Neither the communication of this Offer Document nor any other offer material relating to the Offer has been approved, by an authorized person for the purposes of section 21 of the FSMA. This Offer Document is only being distributed to and is only directed at (i) persons who are outside the United Kingdom or (ii) to investment professionals falling within Article 19(5) of the Order or (iii) high net worth entities, and other persons to whom it may lawfully be communicated, falling within Article 49(2)(a) to (d) of the Order (all such persons falling within (i)-(iii) together being referred to as “relevant persons”). Any investment or investment activity to which this Offer Document relates is available only to, and any invitation, offer or agreement to subscribe to, purchase or otherwise acquire such investment will be engaged in only with, relevant persons. Any person who is not a relevant person should not act or rely on this Offer Document or any of its contents.
Uruguay
The Offer qualifies as a private placement pursuant to section 2 of Uruguayan law 18.627. Mexico represents and agrees that it has not offered to purchase, and will not offer to purchase, any Old Notes to the public in Uruguay, except in circumstances which do not constitute a public offering or distribution under Uruguayan laws and regulations. The Old Notes are not and will not be registered with the Central Bank of Uruguay to be publicly offered in Uruguay.
General
The distribution of this Offer Document and related materials is restricted by law in certain jurisdictions. Persons into whose possession this Offer Document come are required by Mexico to inform themselves of and to observe any of these restrictions. Each person accepting the Offer shall be deemed to have represented, warranted and agreed (in respect of itself and any person for whom it is acting) that it is not a person to whom it is unlawful to make an Offer pursuant to this Offer Document (including under the applicable securities laws referenced below), it has not distributed or forwarded this Offer Document or any other documents or materials relating to the Offer to any such person, and it has (before offering the Old Notes for purchase) complied with all laws and regulations applicable to it for the purposes of its participation in the Offer.
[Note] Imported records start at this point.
lemma tBD_coequalizer_data:
  defines "k \<equiv> (Id OD \<otimes> (lamB \<bullet> g)) \<bullet> \<delta>D"
  shows "phiD C OD \<mu>D f \<in> hom C (OD \<odot> OB) OD" and "betaD C OD OB \<mu>D \<epsilon>D \<delta>D f \<in> hom C (OD \<odot> OB) OD"
    and "k \<in> hom C OD (OD \<odot> OB)"
    and "tBD C OD \<mu>D \<delta>D lamB f g = phiD C OD \<mu>D f \<bullet> k"
    and "tBD C OD \<mu>D \<delta>D lamB f g \<bullet> phiD C OD \<mu>D f = tBD C OD \<mu>D \<delta>D lamB f g \<bullet> betaD C OD OB \<mu>D \<epsilon>D \<delta>D f"
    and "betaD C OD OB \<mu>D \<epsilon>D \<delta>D f \<bullet> k = Id OD"
proof -
  have wfd_T: "wfd T"
    using wfd_phi wfd_Kd darr_typed[OF wfd_Kd] by (simp add: wfd_dcmp dbounds_simps)
  show "phiD C OD \<mu>D f \<in> hom C (OD \<odot> OB) OD" "betaD C OD OB \<mu>D \<epsilon>D \<delta>D f \<in> hom C (OD \<odot> OB) OD"
    "k \<in> hom C OD (OD \<odot> OB)"
    using darr_typed[OF wfd_phi] darr_typed[OF wfd_beta] darr_typed[OF wfd_Kd]
    by (simp_all add: darr_phi darr_beta darr_Kd k_def typed_def hom_iff wobj_Cons dbounds_simps)
  show "tBD C OD \<mu>D \<delta>D lamB f g = phiD C OD \<mu>D f \<bullet> k"
    by (simp add: tBD_def k_def)
  show "tBD C OD \<mu>D \<delta>D lamB f g \<bullet> phiD C OD \<mu>D f = tBD C OD \<mu>D \<delta>D lamB f g \<bullet> betaD C OD OB \<mu>D \<epsilon>D \<delta>D f"
    using T_phi_eq_T_beta wfd_T wfd_phi wfd_beta darr_T darr_phi darr_beta
    unfolding deq_def by (simp add: darr_dcmp dbounds_simps cmp_def)
  show "betaD C OD OB \<mu>D \<epsilon>D \<delta>D f \<bullet> k = Id OD"
    using beta_Kd wfd_beta wfd_Kd darr_beta darr_Kd
    unfolding deq_def by (simp add: darr_dcmp darr_did dbounds_simps cmp_def tid_def k_def)
qed

end

lemma wproj_if_weak_projection:
  assumes "braided_strict_monoidal C"
    and "weak_projection C D \<eta>D \<mu>D \<epsilon>D \<delta>D B \<eta>B \<mu>B \<epsilon>B \<delta>B lamB f g"
  shows "wproj C D \<eta>D \<mu>D \<epsilon>D \<delta>D B \<eta>B \<mu>B \<epsilon>B \<delta>B lamB f g"
  using braided_cat_if_braided_strict_monoidal[OF assms(1)] assms(2)
  unfolding wproj_def wproj_axioms_def whopf_def whopf_axioms_def wbialg_def wbialg_axioms_def
  by (auto simp: weak_projection_def weak_hopf_algebra_def)

theorem proposition3p4:
  fixes C :: "('o,'m) bmcat"
    and D B :: 'o
    and \<eta>D \<mu>D \<epsilon>D \<delta>D \<eta>B \<mu>B \<epsilon>B \<delta>B lamB f g :: 'm
  assumes "braided_strict_monoidal C"
    and "weak_projection C D \<eta>D \<mu>D \<epsilon>D \<delta>D B \<eta>B \<mu>B \<epsilon>B \<delta>B lamB f g"
  shows "cComp C (tBD C D \<mu>D \<delta>D lamB f g) (tBD C D \<mu>D \<delta>D lamB f g) = tBD C D \<mu>D \<delta>D lamB f g
     \<and> (\<forall>DB p i. DB \<in> cObj C \<and> p \<in> hom C D DB \<and> i \<in> hom C DB D \<and>
          cComp C i p = tBD C D \<mu>D \<delta>D lamB f g \<and> cComp C p i = cId C DB \<longrightarrow>
          is_coequalizer C (cTo C D B) D DB (phiD C D \<mu>D f) (betaD C D B \<mu>D \<epsilon>D \<delta>D f) p)"
proof -
  interpret wproj C D \<eta>D \<mu>D \<epsilon>D \<delta>D B \<eta>B \<mu>B \<epsilon>B \<delta>B lamB f g
    using assms by (rule wproj_if_weak_projection)
  show ?thesis
    using coequalizer_of_section_factorization[OF tBD_coequalizer_data] by blast
qed

end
This Offer Document does not constitute, and may not be used in connection with, an offer or solicitation by anyone in any jurisdiction in which an offer or solicitation is not authorized or in which the person making an offer or solicitation is not qualified to do so or to any person to whom it is unlawful to make an offer or solicitation. None of Mexico, the Dealer Managers and the Billing and Delivering Bank accepts any responsibility for any violation by any person of the restrictions applicable in any jurisdiction.
In any jurisdiction in which the Offer is required to be made by a licensed broker or dealer and in which any Dealer Manager or any of its affiliates is so licensed, it shall be deemed to be made by the Dealer Managers or such affiliates on behalf of Mexico.